[Opening Excerpted records section]

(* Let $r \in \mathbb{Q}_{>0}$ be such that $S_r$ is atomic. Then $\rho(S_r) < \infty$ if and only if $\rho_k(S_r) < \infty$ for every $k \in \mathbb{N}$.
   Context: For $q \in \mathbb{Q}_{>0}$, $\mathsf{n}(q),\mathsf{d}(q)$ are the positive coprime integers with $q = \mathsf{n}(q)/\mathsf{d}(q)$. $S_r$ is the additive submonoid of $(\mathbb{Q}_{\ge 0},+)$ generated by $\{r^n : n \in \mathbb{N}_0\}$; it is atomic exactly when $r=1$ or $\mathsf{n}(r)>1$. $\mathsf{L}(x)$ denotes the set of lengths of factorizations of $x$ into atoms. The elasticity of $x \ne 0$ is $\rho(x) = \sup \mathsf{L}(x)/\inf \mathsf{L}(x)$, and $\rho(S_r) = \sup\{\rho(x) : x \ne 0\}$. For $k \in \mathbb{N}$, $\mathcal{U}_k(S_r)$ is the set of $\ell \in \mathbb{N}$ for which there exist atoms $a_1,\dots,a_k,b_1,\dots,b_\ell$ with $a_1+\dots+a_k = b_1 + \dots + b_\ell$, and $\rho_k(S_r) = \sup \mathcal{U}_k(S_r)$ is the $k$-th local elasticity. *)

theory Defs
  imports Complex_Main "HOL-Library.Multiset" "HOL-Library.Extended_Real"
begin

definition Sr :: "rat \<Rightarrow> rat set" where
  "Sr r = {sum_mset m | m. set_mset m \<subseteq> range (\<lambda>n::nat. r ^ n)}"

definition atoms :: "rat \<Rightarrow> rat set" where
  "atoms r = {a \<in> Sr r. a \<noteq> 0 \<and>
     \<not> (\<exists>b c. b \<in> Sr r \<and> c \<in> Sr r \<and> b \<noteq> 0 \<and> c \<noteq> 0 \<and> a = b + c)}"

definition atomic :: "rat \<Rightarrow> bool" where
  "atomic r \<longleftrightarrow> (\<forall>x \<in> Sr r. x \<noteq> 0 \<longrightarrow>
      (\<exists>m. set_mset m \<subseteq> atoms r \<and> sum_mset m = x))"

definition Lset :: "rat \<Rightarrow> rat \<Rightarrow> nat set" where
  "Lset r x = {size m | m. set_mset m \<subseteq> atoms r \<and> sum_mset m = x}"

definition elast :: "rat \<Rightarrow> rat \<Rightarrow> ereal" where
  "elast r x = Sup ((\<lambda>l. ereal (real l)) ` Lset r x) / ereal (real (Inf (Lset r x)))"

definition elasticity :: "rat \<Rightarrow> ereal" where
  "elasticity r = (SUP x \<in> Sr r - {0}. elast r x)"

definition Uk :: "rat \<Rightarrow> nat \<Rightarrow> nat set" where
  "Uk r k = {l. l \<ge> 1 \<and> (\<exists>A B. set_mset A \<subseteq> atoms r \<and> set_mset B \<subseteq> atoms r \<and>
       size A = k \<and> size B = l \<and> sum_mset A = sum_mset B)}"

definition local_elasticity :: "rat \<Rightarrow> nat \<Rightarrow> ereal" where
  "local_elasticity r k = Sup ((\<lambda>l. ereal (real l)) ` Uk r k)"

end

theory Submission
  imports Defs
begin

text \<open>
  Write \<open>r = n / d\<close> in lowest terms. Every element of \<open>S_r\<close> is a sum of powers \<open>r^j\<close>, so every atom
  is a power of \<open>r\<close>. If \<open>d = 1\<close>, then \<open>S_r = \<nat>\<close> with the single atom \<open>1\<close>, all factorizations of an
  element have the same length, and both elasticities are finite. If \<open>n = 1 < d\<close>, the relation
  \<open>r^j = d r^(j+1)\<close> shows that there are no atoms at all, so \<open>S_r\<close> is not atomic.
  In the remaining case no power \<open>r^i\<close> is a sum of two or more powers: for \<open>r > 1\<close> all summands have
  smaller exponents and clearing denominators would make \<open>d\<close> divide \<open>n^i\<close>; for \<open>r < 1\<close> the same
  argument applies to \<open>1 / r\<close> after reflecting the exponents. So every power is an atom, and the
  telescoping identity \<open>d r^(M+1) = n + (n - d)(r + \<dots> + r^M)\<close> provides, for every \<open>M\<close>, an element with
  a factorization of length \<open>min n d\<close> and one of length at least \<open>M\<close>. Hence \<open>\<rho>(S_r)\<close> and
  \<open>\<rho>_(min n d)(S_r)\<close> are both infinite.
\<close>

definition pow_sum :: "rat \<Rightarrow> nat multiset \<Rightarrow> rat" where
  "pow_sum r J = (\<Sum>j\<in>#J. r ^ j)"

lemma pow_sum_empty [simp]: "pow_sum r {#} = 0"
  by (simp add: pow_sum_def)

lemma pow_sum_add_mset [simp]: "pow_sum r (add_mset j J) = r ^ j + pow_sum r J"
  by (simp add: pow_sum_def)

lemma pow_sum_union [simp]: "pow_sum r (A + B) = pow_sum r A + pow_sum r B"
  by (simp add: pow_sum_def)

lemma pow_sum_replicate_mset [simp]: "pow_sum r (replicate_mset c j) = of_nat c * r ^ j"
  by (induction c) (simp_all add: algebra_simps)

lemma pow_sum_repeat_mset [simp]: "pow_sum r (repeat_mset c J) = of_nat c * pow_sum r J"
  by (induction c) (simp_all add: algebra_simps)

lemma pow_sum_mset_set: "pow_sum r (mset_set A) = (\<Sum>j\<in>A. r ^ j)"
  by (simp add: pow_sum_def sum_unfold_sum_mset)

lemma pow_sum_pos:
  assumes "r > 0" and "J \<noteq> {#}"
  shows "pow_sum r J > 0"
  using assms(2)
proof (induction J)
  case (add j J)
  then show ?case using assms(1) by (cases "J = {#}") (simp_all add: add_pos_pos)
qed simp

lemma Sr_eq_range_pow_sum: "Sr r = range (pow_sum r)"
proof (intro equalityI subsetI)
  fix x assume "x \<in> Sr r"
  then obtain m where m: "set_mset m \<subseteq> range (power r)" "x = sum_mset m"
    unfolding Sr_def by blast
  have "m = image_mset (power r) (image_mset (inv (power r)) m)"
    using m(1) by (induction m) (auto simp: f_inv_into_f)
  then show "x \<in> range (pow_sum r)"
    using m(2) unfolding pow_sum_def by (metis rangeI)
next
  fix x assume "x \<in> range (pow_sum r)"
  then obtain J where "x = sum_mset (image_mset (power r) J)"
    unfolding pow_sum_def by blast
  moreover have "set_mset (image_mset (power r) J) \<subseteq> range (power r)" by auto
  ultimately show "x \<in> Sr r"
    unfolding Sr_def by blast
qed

[Closing Excerpted records section]

(Problem requirements) Give back the records above exactly, limited to the lines between the one holding "r (repeat_mset c" and the one holding "case (add j J)", inclusive.

(Your response)
lemma pow_sum_repeat_mset [simp]: "pow_sum r (repeat_mset c J) = of_nat c * pow_sum r J"
  by (induction c) (simp_all add: algebra_simps)

lemma pow_sum_mset_set: "pow_sum r (mset_set A) = (\<Sum>j\<in>A. r ^ j)"
  by (simp add: pow_sum_def sum_unfold_sum_mset)

lemma pow_sum_pos:
  assumes "r > 0" and "J \<noteq> {#}"
  shows "pow_sum r J > 0"
  using assms(2)
proof (induction J)
  case (add j J)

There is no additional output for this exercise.